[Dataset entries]
↓↓↓
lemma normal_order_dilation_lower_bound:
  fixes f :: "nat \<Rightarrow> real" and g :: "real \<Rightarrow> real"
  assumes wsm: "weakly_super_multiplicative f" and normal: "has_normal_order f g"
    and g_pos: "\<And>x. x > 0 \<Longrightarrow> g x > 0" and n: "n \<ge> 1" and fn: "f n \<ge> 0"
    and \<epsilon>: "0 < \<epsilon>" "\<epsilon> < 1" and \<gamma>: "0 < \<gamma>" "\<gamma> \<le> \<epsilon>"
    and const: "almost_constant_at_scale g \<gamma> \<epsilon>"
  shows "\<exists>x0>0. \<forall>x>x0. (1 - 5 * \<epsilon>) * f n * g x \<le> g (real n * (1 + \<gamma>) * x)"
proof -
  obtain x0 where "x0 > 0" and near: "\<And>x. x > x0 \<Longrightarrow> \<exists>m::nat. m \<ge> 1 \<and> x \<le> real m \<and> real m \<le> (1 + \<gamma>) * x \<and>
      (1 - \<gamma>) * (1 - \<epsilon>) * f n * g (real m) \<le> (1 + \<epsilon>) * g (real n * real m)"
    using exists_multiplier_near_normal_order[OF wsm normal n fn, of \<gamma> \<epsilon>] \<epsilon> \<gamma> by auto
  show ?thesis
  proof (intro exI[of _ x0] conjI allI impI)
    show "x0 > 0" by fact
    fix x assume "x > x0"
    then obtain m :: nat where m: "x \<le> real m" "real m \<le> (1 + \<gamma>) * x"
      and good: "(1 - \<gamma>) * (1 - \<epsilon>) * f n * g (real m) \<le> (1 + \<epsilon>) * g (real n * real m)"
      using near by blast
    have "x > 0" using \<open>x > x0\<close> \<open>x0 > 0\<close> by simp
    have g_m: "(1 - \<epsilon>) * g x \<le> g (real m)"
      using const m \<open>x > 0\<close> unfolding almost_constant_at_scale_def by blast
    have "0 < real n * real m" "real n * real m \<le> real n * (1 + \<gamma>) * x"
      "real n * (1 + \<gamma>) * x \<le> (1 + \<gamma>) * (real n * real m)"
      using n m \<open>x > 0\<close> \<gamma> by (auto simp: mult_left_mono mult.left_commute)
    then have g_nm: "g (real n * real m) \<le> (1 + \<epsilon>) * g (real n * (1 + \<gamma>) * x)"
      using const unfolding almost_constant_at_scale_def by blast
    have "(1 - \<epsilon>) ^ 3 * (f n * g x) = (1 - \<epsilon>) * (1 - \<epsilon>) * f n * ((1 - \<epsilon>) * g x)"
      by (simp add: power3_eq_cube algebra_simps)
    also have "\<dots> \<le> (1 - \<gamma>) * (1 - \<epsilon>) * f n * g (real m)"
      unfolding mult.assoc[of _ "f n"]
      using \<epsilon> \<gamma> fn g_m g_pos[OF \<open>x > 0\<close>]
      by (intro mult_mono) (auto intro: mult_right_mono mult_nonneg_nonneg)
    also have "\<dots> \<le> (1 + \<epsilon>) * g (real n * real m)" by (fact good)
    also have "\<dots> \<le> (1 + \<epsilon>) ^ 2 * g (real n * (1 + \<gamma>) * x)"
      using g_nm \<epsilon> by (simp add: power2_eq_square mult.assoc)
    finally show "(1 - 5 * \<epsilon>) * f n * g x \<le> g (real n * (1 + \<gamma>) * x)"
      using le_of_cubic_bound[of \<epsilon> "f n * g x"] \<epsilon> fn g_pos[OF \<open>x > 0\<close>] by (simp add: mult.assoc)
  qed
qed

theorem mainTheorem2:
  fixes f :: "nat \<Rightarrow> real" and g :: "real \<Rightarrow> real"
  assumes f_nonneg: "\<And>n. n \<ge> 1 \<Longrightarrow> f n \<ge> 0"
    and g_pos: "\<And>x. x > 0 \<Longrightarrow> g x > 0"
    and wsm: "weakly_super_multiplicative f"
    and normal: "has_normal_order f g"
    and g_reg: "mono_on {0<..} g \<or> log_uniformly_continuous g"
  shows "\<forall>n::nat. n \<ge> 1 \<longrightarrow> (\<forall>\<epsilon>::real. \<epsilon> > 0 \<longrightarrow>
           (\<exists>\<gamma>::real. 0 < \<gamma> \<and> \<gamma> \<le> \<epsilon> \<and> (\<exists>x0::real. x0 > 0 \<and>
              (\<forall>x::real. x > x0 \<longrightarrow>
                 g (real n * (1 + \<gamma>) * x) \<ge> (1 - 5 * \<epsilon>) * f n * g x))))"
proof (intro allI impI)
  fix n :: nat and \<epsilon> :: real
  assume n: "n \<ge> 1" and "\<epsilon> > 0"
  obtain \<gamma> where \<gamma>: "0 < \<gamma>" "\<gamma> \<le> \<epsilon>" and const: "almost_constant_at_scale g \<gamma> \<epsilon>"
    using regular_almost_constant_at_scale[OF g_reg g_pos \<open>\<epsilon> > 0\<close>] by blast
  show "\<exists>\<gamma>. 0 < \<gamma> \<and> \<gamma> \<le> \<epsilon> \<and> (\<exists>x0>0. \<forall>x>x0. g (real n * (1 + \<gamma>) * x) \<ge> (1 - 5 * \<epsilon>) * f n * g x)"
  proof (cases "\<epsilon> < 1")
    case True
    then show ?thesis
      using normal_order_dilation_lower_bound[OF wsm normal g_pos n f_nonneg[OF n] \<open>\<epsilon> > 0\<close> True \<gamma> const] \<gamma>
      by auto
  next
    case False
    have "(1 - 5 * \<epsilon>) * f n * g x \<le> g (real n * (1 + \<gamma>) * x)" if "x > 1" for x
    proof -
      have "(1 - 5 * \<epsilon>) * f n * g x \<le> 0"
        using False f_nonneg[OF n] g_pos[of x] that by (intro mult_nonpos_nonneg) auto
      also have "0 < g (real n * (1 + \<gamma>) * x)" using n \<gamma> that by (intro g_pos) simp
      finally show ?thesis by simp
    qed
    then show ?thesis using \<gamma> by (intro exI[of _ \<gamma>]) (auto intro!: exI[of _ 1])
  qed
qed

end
↑↑↑
↓↓↓
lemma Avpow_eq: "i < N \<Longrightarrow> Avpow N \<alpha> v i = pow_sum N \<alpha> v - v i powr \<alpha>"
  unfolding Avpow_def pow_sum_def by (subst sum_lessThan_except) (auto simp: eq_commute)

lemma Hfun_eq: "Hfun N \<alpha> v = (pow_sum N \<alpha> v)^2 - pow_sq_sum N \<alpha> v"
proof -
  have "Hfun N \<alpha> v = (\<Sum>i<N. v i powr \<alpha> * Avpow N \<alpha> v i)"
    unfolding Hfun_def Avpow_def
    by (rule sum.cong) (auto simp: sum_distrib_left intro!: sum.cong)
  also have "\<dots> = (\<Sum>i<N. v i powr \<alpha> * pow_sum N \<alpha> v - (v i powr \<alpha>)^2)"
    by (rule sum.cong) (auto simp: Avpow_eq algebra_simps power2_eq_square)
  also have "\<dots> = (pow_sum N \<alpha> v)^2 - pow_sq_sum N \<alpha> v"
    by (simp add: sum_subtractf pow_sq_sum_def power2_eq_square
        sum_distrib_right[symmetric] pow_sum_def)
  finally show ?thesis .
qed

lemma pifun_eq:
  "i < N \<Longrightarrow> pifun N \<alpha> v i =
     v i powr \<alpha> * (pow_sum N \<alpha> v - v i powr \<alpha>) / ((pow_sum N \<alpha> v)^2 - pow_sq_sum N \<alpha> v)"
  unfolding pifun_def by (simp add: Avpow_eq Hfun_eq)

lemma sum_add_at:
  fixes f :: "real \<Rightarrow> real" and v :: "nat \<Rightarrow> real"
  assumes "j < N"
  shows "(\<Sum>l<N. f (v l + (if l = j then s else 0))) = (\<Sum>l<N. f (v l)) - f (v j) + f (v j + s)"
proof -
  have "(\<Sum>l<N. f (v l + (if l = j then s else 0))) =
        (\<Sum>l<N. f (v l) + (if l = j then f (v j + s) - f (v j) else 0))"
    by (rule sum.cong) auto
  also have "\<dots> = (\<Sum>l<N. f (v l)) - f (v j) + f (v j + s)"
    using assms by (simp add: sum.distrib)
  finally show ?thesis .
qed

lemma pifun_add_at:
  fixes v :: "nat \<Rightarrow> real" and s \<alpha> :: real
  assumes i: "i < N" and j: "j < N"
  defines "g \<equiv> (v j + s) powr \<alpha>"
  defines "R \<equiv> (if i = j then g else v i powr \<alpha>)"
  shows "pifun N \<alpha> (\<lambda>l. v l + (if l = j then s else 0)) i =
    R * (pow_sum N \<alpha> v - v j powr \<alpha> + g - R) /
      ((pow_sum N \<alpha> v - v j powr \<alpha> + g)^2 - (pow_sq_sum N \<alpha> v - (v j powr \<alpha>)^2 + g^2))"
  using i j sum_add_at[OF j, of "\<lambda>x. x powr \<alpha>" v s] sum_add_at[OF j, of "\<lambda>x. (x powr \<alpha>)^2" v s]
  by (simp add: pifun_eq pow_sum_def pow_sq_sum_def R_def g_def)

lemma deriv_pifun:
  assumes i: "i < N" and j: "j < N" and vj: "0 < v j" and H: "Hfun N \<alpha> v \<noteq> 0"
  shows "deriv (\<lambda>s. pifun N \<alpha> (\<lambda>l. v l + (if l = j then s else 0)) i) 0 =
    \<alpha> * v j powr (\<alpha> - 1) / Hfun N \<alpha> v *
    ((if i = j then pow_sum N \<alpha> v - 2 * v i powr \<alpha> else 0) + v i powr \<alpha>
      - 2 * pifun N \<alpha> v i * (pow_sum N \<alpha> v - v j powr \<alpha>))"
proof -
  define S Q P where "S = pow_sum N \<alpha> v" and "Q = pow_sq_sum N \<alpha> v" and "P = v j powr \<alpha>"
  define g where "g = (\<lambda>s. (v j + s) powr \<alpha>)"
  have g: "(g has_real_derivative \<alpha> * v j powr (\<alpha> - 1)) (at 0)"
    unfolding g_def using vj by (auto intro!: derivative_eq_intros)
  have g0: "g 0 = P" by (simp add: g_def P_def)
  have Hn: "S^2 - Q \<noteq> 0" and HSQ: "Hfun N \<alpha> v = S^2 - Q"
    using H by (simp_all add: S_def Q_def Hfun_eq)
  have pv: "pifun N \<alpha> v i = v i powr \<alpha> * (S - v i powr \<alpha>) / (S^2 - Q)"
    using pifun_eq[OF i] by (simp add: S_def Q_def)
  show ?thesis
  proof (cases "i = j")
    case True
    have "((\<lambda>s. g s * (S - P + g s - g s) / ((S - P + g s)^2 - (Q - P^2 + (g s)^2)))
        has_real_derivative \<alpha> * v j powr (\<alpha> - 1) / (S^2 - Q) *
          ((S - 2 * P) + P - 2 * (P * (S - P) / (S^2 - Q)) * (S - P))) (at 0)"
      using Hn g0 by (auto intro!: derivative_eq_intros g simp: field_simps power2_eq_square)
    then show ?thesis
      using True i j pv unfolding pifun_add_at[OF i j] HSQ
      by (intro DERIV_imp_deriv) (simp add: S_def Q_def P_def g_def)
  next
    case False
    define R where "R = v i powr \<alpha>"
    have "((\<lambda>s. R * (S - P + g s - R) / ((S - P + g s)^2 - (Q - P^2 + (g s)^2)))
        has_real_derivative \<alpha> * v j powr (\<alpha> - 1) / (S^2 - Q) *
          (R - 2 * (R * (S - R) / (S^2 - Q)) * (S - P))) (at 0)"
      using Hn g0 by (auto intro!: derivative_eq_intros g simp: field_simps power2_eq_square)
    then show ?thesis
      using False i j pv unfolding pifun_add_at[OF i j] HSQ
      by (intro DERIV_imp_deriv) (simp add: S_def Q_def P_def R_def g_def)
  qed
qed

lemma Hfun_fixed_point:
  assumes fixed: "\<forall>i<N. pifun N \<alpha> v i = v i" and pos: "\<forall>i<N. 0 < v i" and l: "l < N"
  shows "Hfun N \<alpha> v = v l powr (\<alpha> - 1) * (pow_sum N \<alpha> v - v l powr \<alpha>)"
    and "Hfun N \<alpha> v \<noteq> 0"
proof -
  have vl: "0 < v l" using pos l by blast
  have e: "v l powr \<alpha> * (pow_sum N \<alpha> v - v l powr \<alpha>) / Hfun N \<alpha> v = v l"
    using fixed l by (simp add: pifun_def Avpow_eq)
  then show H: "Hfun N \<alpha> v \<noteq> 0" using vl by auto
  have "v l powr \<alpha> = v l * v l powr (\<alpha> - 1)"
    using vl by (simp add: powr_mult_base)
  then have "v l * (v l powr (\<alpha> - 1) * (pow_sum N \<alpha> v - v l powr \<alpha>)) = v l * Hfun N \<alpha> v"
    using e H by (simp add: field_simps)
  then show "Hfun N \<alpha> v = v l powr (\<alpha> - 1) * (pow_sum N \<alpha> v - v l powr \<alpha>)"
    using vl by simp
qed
↑↑↑
↓↓↓
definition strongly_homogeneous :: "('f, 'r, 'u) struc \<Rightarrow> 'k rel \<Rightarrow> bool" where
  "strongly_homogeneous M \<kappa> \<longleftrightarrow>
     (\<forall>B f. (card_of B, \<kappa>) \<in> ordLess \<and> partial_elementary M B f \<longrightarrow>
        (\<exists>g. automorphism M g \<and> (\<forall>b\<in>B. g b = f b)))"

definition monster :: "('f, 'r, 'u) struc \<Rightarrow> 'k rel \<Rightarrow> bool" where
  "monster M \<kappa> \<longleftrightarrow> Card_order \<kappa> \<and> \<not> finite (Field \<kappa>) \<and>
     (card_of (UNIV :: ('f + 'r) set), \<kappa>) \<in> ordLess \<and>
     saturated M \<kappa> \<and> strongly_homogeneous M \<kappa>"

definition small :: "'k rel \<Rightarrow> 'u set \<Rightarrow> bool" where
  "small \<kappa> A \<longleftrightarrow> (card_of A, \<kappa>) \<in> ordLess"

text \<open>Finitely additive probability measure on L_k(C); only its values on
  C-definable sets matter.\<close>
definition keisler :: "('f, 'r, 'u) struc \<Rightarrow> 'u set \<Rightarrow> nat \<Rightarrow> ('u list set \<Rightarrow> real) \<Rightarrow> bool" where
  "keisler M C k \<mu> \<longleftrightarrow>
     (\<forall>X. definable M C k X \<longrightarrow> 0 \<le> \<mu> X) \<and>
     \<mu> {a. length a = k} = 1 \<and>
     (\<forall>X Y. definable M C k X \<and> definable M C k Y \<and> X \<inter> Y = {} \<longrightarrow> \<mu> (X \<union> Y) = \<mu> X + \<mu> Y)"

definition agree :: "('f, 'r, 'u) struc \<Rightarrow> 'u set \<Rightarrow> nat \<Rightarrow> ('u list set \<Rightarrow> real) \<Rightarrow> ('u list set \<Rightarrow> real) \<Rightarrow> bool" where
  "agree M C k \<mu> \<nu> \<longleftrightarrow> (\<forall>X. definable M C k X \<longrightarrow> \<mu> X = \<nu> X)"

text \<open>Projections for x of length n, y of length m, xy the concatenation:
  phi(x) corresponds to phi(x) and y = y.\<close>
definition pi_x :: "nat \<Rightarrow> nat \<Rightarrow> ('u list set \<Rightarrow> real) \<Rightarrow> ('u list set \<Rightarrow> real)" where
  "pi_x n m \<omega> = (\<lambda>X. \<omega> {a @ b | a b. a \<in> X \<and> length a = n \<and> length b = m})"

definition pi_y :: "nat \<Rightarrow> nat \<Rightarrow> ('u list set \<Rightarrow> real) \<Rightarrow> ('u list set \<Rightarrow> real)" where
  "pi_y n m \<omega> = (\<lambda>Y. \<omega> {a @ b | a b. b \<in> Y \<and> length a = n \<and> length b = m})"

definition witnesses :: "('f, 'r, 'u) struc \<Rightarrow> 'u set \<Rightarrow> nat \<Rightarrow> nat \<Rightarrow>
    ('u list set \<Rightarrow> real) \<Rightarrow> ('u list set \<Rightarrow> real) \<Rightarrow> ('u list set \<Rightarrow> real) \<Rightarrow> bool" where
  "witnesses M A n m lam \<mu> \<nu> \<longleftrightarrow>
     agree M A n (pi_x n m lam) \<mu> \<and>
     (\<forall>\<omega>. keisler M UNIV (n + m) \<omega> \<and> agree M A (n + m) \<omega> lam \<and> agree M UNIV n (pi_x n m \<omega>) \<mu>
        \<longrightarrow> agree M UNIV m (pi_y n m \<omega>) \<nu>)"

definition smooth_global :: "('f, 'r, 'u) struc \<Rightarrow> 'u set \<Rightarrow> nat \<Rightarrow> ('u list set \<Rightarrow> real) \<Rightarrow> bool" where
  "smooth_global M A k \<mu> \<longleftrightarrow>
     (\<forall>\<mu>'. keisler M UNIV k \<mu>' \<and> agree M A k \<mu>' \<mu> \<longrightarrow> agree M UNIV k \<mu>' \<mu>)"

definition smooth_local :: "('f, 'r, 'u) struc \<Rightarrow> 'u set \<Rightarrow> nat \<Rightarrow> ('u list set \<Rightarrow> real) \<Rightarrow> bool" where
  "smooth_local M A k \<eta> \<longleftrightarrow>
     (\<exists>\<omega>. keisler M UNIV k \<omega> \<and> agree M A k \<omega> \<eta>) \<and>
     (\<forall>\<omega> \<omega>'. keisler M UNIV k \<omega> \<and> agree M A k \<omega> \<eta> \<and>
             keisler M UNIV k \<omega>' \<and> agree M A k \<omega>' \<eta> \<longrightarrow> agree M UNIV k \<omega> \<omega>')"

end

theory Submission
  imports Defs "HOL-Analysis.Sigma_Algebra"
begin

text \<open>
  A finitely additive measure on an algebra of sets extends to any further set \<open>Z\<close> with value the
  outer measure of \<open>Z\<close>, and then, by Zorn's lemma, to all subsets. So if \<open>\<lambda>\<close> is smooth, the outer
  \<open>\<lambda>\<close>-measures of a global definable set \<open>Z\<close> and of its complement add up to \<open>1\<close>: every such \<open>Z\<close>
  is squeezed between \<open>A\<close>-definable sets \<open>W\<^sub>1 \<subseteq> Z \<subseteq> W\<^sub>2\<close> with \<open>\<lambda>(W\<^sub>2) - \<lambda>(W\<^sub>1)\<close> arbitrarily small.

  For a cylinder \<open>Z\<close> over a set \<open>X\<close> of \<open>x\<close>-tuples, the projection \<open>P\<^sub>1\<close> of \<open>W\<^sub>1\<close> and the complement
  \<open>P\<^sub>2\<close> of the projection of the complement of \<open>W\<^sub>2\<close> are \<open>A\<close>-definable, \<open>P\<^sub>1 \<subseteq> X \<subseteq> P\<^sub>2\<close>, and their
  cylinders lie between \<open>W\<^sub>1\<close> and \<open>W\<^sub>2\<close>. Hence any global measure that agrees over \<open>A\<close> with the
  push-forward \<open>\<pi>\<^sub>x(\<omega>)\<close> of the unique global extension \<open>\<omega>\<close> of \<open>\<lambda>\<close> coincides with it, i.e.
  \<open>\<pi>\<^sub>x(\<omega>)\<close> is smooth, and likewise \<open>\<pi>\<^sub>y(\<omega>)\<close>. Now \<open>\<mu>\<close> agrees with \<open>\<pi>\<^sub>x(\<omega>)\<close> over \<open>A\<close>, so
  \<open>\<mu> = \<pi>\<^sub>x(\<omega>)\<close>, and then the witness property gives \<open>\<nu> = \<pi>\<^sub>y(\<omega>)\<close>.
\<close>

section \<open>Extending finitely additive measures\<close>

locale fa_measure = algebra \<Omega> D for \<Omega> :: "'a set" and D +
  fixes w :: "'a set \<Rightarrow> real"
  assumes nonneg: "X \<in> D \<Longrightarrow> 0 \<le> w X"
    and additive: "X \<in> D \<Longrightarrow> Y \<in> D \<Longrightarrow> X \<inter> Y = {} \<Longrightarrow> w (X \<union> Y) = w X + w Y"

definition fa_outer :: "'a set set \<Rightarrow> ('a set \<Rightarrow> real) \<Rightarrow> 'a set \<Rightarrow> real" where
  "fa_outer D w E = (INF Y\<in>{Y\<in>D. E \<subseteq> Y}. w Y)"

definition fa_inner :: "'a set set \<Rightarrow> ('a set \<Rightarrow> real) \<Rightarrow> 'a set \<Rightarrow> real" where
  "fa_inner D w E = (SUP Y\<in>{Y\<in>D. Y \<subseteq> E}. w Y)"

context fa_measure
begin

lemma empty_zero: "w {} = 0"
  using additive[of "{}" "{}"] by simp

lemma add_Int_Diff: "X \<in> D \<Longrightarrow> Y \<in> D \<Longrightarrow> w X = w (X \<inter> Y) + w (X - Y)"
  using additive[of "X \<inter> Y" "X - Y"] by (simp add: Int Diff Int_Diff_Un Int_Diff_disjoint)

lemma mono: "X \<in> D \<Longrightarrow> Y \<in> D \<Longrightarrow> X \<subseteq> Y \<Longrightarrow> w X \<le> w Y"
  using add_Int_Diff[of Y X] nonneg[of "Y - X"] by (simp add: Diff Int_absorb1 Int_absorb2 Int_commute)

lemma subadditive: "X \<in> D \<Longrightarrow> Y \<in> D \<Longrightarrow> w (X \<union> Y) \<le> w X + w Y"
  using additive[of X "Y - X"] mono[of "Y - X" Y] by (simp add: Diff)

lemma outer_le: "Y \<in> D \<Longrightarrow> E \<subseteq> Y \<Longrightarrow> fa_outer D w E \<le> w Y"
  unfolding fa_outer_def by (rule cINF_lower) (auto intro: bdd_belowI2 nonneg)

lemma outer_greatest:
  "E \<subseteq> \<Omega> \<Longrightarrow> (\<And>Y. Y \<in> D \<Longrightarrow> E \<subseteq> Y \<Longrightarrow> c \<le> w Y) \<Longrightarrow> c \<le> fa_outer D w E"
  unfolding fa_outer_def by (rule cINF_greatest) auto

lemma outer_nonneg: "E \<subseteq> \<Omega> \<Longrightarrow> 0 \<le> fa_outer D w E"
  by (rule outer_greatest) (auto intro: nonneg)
↑↑↑
Work required: Where the data above reaches the line holding "For a cylinder", begin printing, and stop after the line holding "P\<^sub>2\<close>, and their". Each line must be reproduced exactly, with nothing else added.

Reply to the task:
  For a cylinder \<open>Z\<close> over a set \<open>X\<close> of \<open>x\<close>-tuples, the projection \<open>P\<^sub>1\<close> of \<open>W\<^sub>1\<close> and the complement
  \<open>P\<^sub>2\<close> of the projection of the complement of \<open>W\<^sub>2\<close> are \<open>A\<close>-definable, \<open>P\<^sub>1 \<subseteq> X \<subseteq> P\<^sub>2\<close>, and their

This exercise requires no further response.